→ **Excerpted records**:
***

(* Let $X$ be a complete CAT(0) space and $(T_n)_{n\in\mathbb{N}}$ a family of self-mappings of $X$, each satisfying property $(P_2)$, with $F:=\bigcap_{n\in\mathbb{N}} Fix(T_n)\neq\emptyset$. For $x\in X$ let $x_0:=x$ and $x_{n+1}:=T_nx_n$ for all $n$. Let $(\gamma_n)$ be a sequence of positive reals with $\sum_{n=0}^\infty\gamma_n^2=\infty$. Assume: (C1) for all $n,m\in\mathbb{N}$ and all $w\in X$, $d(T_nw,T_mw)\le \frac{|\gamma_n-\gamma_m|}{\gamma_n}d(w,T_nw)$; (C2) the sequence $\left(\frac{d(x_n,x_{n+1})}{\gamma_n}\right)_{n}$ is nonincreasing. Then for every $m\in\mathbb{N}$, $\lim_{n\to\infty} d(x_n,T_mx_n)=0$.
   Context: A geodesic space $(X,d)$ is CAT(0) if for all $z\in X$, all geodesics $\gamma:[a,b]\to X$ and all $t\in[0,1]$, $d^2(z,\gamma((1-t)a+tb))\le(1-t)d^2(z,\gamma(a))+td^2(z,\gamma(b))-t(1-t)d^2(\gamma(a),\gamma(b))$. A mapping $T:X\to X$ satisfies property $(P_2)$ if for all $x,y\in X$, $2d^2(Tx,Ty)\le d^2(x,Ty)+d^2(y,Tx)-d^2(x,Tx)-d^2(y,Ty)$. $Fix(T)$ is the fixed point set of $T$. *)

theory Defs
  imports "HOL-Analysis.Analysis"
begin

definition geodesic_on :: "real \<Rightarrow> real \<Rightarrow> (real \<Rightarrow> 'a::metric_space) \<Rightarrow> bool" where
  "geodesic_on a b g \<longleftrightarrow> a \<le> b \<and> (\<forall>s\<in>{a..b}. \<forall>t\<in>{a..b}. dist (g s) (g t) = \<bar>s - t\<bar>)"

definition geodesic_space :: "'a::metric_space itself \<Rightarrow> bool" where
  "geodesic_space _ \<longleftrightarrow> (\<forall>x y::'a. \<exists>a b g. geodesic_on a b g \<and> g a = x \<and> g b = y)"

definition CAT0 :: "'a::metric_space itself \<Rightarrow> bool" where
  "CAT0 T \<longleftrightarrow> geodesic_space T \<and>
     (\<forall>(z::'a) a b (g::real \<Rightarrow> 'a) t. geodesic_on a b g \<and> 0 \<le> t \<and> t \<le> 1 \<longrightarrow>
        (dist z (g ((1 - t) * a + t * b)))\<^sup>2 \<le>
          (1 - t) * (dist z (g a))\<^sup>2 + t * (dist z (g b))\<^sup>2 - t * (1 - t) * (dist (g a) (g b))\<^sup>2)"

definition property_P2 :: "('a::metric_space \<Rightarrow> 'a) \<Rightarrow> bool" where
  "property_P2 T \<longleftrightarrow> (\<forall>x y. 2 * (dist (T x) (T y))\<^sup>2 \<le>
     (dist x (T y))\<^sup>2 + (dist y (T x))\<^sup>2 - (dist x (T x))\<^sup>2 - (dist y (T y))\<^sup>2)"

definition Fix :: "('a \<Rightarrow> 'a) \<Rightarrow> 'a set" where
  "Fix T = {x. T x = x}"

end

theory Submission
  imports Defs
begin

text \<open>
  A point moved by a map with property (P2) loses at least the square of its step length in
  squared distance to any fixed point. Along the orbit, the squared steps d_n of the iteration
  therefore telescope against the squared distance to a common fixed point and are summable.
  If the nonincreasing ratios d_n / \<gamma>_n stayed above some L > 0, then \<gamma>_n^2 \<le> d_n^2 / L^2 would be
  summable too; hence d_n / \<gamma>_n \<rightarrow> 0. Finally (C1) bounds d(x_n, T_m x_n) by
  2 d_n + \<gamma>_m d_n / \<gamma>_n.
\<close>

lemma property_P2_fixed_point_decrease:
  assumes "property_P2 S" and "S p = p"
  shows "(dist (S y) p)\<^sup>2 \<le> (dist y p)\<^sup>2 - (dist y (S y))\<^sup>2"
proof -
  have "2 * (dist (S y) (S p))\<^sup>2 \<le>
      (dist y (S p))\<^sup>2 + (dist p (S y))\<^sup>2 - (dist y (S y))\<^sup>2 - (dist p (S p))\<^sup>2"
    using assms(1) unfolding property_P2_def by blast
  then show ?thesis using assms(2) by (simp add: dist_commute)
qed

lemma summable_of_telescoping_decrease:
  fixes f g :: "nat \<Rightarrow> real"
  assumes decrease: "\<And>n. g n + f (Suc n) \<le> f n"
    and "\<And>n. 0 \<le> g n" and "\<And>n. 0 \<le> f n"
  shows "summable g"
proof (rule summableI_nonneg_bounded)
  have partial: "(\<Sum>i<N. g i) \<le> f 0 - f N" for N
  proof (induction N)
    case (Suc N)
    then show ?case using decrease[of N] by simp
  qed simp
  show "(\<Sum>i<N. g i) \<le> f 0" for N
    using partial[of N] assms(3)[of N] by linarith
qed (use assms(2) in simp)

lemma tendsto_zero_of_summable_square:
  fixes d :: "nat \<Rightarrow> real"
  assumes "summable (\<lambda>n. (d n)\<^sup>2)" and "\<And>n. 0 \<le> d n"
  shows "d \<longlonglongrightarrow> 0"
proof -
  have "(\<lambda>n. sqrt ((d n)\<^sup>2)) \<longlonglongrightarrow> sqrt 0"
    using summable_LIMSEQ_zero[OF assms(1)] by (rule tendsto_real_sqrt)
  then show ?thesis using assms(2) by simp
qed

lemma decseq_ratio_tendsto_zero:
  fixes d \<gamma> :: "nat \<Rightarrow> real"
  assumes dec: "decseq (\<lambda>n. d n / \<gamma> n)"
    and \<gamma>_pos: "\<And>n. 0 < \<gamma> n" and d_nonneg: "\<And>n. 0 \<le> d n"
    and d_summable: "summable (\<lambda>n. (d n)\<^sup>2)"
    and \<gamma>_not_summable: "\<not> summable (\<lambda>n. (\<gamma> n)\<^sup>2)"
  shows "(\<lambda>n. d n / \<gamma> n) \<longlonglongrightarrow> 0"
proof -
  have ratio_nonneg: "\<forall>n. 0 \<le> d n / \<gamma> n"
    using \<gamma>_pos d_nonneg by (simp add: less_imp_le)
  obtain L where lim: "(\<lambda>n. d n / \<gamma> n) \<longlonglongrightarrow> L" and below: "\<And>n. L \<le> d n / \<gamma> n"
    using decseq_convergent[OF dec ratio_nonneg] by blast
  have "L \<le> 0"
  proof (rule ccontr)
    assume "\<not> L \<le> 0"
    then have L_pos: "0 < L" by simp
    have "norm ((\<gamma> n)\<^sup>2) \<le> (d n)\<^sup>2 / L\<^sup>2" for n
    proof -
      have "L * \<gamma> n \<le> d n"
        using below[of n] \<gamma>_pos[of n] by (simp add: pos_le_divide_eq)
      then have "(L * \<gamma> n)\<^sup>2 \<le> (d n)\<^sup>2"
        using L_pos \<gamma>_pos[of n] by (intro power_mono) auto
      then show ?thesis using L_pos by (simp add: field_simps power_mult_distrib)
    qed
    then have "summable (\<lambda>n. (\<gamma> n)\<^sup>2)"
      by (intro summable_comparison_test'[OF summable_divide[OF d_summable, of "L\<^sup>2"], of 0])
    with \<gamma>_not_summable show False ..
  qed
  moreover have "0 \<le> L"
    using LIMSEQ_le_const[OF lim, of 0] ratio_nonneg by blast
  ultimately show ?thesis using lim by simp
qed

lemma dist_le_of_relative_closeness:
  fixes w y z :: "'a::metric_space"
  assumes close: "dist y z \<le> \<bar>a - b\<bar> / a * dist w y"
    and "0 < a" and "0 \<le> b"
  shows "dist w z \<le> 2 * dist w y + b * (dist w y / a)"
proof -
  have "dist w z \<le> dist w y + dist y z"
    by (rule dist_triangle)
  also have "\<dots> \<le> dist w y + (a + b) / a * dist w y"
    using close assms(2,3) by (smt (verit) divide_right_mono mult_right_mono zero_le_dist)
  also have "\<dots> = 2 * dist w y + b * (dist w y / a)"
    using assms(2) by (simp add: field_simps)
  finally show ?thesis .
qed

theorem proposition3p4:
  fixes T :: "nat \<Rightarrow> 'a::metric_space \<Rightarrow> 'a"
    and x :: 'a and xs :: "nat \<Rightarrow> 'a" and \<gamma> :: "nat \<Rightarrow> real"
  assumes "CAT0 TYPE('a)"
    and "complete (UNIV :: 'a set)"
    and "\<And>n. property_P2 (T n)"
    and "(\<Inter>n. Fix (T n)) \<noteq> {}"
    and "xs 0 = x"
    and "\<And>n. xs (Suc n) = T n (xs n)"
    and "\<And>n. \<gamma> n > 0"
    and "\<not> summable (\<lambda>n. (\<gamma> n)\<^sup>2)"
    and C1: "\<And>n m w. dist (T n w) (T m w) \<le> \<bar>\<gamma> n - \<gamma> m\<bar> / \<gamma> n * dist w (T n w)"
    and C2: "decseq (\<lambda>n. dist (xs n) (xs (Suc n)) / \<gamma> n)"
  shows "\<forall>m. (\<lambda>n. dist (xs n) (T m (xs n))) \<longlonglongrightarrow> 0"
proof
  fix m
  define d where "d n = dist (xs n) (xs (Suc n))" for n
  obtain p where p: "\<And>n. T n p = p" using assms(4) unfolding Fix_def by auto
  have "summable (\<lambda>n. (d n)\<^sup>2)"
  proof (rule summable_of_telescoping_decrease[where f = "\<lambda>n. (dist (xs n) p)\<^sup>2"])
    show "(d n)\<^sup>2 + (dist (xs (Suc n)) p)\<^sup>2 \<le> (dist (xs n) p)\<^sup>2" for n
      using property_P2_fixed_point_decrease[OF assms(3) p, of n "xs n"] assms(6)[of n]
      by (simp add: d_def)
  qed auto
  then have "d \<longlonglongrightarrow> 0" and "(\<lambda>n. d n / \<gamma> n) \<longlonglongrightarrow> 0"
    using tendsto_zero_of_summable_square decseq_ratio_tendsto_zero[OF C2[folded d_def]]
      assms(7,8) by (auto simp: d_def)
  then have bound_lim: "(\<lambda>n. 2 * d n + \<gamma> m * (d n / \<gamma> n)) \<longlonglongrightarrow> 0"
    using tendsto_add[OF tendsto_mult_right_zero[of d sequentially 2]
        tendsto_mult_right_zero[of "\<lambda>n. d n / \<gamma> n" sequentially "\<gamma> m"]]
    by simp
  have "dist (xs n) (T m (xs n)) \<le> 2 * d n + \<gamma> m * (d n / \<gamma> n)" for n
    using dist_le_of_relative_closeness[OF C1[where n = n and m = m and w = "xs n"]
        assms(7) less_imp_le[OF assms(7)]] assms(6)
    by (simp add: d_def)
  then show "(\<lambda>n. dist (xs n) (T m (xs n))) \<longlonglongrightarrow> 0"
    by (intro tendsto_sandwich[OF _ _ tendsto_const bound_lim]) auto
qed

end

***

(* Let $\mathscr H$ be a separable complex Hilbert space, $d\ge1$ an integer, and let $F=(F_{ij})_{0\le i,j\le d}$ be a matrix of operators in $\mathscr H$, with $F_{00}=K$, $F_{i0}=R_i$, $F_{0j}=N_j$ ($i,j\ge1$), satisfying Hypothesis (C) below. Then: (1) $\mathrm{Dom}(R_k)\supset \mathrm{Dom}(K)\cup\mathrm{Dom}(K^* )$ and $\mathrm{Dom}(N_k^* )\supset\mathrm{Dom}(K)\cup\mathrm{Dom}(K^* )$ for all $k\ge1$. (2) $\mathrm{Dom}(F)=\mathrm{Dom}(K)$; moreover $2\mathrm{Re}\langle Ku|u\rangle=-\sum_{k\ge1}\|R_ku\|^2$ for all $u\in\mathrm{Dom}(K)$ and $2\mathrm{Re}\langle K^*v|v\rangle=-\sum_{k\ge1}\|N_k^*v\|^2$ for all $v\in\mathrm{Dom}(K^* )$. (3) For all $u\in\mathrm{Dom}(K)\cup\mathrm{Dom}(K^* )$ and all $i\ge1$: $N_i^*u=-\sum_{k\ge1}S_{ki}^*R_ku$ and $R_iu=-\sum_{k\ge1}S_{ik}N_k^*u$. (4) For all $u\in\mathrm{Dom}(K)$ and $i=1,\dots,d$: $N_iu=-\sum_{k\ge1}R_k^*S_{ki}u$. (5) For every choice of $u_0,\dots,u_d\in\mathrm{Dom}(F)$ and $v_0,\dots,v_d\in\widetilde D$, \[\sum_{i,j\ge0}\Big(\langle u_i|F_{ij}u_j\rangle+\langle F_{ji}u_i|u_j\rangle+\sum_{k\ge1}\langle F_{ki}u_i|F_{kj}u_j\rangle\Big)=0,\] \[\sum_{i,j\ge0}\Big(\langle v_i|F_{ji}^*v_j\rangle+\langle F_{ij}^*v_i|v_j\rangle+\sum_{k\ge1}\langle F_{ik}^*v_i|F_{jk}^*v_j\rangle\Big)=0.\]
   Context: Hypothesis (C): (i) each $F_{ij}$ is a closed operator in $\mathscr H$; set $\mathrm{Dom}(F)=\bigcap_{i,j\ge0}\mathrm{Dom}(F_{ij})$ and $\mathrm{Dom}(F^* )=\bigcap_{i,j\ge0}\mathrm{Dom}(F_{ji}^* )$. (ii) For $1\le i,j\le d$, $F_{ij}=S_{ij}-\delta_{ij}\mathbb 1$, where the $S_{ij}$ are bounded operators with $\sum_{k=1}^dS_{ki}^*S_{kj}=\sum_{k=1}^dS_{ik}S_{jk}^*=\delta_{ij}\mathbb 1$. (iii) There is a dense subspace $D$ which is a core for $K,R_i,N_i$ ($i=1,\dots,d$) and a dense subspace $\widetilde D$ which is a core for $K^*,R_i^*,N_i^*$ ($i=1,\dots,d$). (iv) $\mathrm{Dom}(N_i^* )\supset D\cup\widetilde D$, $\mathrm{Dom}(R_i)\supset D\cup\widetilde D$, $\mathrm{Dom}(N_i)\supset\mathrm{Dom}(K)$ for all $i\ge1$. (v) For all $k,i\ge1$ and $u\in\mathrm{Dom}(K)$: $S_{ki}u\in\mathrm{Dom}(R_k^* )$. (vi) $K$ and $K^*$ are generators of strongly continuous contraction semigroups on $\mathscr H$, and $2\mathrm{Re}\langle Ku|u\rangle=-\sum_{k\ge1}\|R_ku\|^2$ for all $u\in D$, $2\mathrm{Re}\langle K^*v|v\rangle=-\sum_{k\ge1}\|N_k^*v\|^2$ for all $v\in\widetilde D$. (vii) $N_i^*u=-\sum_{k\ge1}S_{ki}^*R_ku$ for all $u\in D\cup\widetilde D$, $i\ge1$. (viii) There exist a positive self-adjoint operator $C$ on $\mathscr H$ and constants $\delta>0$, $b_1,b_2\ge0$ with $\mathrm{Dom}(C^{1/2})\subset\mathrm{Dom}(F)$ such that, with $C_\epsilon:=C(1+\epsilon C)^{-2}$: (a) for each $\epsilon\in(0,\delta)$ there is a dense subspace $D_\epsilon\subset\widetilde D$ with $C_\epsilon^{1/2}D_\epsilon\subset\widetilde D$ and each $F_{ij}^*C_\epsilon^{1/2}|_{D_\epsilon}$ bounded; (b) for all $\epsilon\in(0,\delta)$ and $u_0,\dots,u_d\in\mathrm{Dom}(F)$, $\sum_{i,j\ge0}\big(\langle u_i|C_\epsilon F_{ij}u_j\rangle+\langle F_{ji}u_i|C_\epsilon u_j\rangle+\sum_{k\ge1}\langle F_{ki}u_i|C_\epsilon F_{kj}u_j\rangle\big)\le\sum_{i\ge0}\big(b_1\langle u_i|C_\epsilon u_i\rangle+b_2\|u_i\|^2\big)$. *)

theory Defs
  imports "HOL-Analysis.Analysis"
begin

***

→ **Requirement**: In the material above, please count the lines that hold the word "auto" and answer with only that number.

→ **Answer to the exercise**: 5